*THE TASK:*
The number of lines containing "update" is the only answer wanted; work it out from the entries below.

───── RECORDS FOR THIS EXERCISE ─────

(* Let $h>0$ be such that $D(q):=\big(I_d+\frac{h^2}{2}\nabla^2F(q)M\big)^{-1}$ exists for every $q\in\mathbb{R}^d$. Then for every $n\ge 1$ and every fixed realization of the Wiener increments, the map $(p,q)\mapsto(P^h[n],Q^h[n])$ defined by the scheme started at $(P^h[0],Q^h[0])=(p,q)$ has Jacobian determinant $$\det\frac{\partial(P^h[n],Q^h[n])}{\partial(p,q)}=e^{-v t_n d},\qquad t_n=nh.$$
   Context: Let $d\le m$, $F\in C^\infty(\mathbb{R}^d,\mathbb{R})$, $f=\nabla F$, $M\in\mathbb{R}^{d\times d}$ symmetric positive definite, $v>0$, $\sigma=(\sigma_1,\dots,\sigma_m)\in\mathbb{R}^{d\times m}$, $W$ a standard $m$-dimensional Wiener process. For a step size $h>0$, $t_n=nh$, $\Delta_{n+1}W=W(t_{n+1})-W(t_n)$, the scheme is $$P^h[n+1]=e^{-vh}P^h[n]-\tfrac{h^2}{2}\nabla^2F(Q^h[n])MP^h[n+1]-h\big(1+\tfrac{vh}{2}\big)e^{-vh}f(Q^h[n])-\big(1+\tfrac{vh}{2}\big)e^{-vh}\sigma\Delta_{n+1}W,$$ $$Q^h[n+1]=Q^h[n]+h\big(1-\tfrac{vh}{2}\big)e^{vh}MP^h[n+1]+\tfrac{h^2}{2}Mf(Q^h[n])+\tfrac{h}{2}M\sigma\Delta_{n+1}W,$$ with the first equation solved for $P^h[n+1]$. *)

theory Defs
  imports "HOL-Analysis.Analysis"
begin

fun Ck :: "nat \<Rightarrow> ('a::real_normed_vector \<Rightarrow> 'b::real_normed_vector) \<Rightarrow> bool" where
  "Ck 0 g = continuous_on UNIV g"
| "Ck (Suc k) g = (continuous_on UNIV g \<and> (\<forall>x. g differentiable (at x)) \<and>
      (\<forall>u. Ck k (\<lambda>x. frechet_derivative g (at x) u)))"

definition smooth :: "('a::real_normed_vector \<Rightarrow> 'b::real_normed_vector) \<Rightarrow> bool" where
  "smooth g \<longleftrightarrow> (\<forall>k. Ck k g)"

definition grad :: "(real^'d \<Rightarrow> real) \<Rightarrow> real^'d \<Rightarrow> real^'d" where
  "grad F q = (\<chi> i. frechet_derivative F (at q) (axis i 1))"

definition hess :: "(real^'d \<Rightarrow> real) \<Rightarrow> real^'d \<Rightarrow> real^'d^'d" where
  "hess F q = matrix (frechet_derivative (grad F) (at q))"

text \<open>One step of the scheme; the implicit P-equation is solved for P[n+1]
  using D(q) = (I + h^2/2 Hess F(q) M)^{-1}.\<close>
definition Dmat :: "(real^'d \<Rightarrow> real) \<Rightarrow> real^'d^'d \<Rightarrow> real \<Rightarrow> real^'d \<Rightarrow> real^'d^'d" where
  "Dmat F M h q = matrix_inv (mat 1 + (h^2/2) *\<^sub>R (hess F q ** M))"

definition stepP :: "(real^'d \<Rightarrow> real) \<Rightarrow> real^'d^'d \<Rightarrow> real \<Rightarrow> real^'m^'d \<Rightarrow> real
    \<Rightarrow> real^'m \<Rightarrow> real^'d \<Rightarrow> real^'d \<Rightarrow> real^'d" where
  "stepP F M v \<sigma> h w p q =
     Dmat F M h q *v (exp (- v * h) *\<^sub>R p
        - (h * (1 + v * h/2) * exp (- v * h)) *\<^sub>R grad F q
        - ((1 + v * h/2) * exp (- v * h)) *\<^sub>R (\<sigma> *v w))"

definition stepQ :: "(real^'d \<Rightarrow> real) \<Rightarrow> real^'d^'d \<Rightarrow> real \<Rightarrow> real^'m^'d \<Rightarrow> real
    \<Rightarrow> real^'m \<Rightarrow> real^'d \<Rightarrow> real^'d \<Rightarrow> real^'d" where
  "stepQ F M v \<sigma> h w p q =
     q + (h * (1 - v * h/2) * exp (v * h)) *\<^sub>R (M *v stepP F M v \<sigma> h w p q)
       + (h^2/2) *\<^sub>R (M *v grad F q)
       + (h/2) *\<^sub>R (M *v (\<sigma> *v w))"

text \<open>The scheme: scheme ... dW n (p,q) = (P^h[n], Q^h[n]) started from (p,q),
  with dW (n+1) the Wiener increment W(t_{n+1}) - W(t_n).\<close>
fun scheme :: "(real^'d \<Rightarrow> real) \<Rightarrow> real^'d^'d \<Rightarrow> real \<Rightarrow> real^'m^'d \<Rightarrow> real
    \<Rightarrow> (nat \<Rightarrow> real^'m) \<Rightarrow> nat \<Rightarrow> (real^'d) \<times> (real^'d) \<Rightarrow> (real^'d) \<times> (real^'d)" where
  "scheme F M v \<sigma> h dW 0 z = z"
| "scheme F M v \<sigma> h dW (Suc n) z =
     (let (p, q) = scheme F M v \<sigma> h dW n z
      in (stepP F M v \<sigma> h (dW (Suc n)) p q, stepQ F M v \<sigma> h (dW (Suc n)) p q))"

definition pack :: "(real^'d) \<times> (real^'d) \<Rightarrow> real^('d + 'd)" where
  "pack z = (\<chi> i. case i of Inl j \<Rightarrow> fst z $ j | Inr j \<Rightarrow> snd z $ j)"

definition unpack :: "real^('d + 'd) \<Rightarrow> (real^'d) \<times> (real^'d)" where
  "unpack x = ((\<chi> j. x $ Inl j), (\<chi> j. x $ Inr j))"

end

theory Submission
  imports Defs
begin

text \<open>One step of the scheme is the composition of two shears of phase space: the momentum
  update, which at fixed q is the affine map p \<mapsto> D(q) (e^{-vh} p - c(q)), followed by the position
  update, which at fixed new momentum is q \<mapsto> q + h^2/2 M \<nabla>F(q) + const. A shear has a
  block-triangular Jacobian, so its determinant is that of its diagonal block:
  e^{-vhd} det D(q) for the first map and det (I + h^2/2 M \<nabla>^2F(q)) for the second.
  By Sylvester's identity det (I + XY) = det (I + YX) the latter is
  det (I + h^2/2 \<nabla>^2F(q) M) = 1 / det D(q), so every step has Jacobian determinant
  e^{-vhd}, and the chain rule multiplies these over the n steps.\<close>

section \<open>Block matrices and determinants\<close>

definition block_matrix ::
    "'r^'a^'a \<Rightarrow> 'r^'b^'a \<Rightarrow> 'r^'a^'b \<Rightarrow> 'r^'b^'b \<Rightarrow> 'r^('a + 'b)^('a + 'b)" where
  "block_matrix A B C E =
     (\<chi> i j. case i of
        Inl a \<Rightarrow> (case j of Inl b \<Rightarrow> A $ a $ b | Inr b \<Rightarrow> B $ a $ b)
      | Inr a \<Rightarrow> (case j of Inl b \<Rightarrow> C $ a $ b | Inr b \<Rightarrow> E $ a $ b))"

lemma block_matrix_nth [simp]:
  "block_matrix A B C E $ Inl a $ Inl b = A $ a $ b"
  "block_matrix A B C E $ Inl a $ Inr b' = B $ a $ b'"
  "block_matrix A B C E $ Inr a' $ Inl b = C $ a' $ b"
  "block_matrix A B C E $ Inr a' $ Inr b' = E $ a' $ b'"
  by (simp_all add: block_matrix_def)

lemma block_matrix_eqI:
  assumes "\<And>a b. X $ Inl a $ Inl b = A $ a $ b" "\<And>a b. X $ Inl a $ Inr b = B $ a $ b"
    "\<And>a b. X $ Inr a $ Inl b = C $ a $ b" "\<And>a b. X $ Inr a $ Inr b = E $ a $ b"
  shows "X = block_matrix A B C E"
  unfolding vec_eq_iff
proof (intro allI)
  show "X $ i $ j = block_matrix A B C E $ i $ j" for i j
    by (cases i; cases j) (simp_all add: assms)
qed

lemma sum_UNIV_Plus:
  fixes f :: "'a::finite + 'b::finite \<Rightarrow> 'c::comm_monoid_add"
  shows "sum f UNIV = (\<Sum>k\<in>UNIV. f (Inl k)) + (\<Sum>k\<in>UNIV. f (Inr k))"
  using sum.Plus[of "UNIV::'a set" "UNIV::'b set" f] by (simp add: o_def)

lemma prod_UNIV_Plus:
  fixes f :: "'a::finite + 'b::finite \<Rightarrow> 'c::comm_monoid_mult"
  shows "prod f UNIV = (\<Prod>k\<in>UNIV. f (Inl k)) * (\<Prod>k\<in>UNIV. f (Inr k))"
  using prod.Plus[of "UNIV::'a set" "UNIV::'b set" f] by (simp add: o_def)

lemma block_matrix_mult:
  fixes A :: "'r::semiring_1^'a::finite^'a" and E :: "'r^'b::finite^'b"
  shows "block_matrix A B C E ** block_matrix A' B' C' E' =
    block_matrix (A ** A' + B ** C') (A ** B' + B ** E') (C ** A' + E ** C') (C ** B' + E ** E')"
  by (rule block_matrix_eqI) (simp_all add: matrix_matrix_mult_def sum_UNIV_Plus)

lemma map_sum_permutes:
  assumes "p permutes UNIV" and "q permutes UNIV"
  shows "map_sum p q permutes UNIV"
proof (rule bij_imp_permutes)
  show "bij (map_sum p q)"
    by (rule o_bij[of "map_sum (inv p) (inv q)"])
      (simp_all add: map_sum.comp permutes_inv_o[OF assms(1)] permutes_inv_o[OF assms(2)] sum.map_id0)
qed simp

lemma inj_map_sum_pair: "inj (\<lambda>(p :: 'a \<Rightarrow> 'c, q :: 'b \<Rightarrow> 'd). map_sum p q)"
proof (rule injI, clarify)
  fix p p' :: "'a \<Rightarrow> 'c" and q q' :: "'b \<Rightarrow> 'd" assume eq: "map_sum p q = map_sum p' q'"
  have "p x = p' x" "q y = q' y" for x y
    using fun_cong[OF eq, of "Inl x"] fun_cong[OF eq, of "Inr y"] by simp_all
  then show "p = p' \<and> q = q'" by auto
qed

─────

*COMPLETED EXERCISE:*
2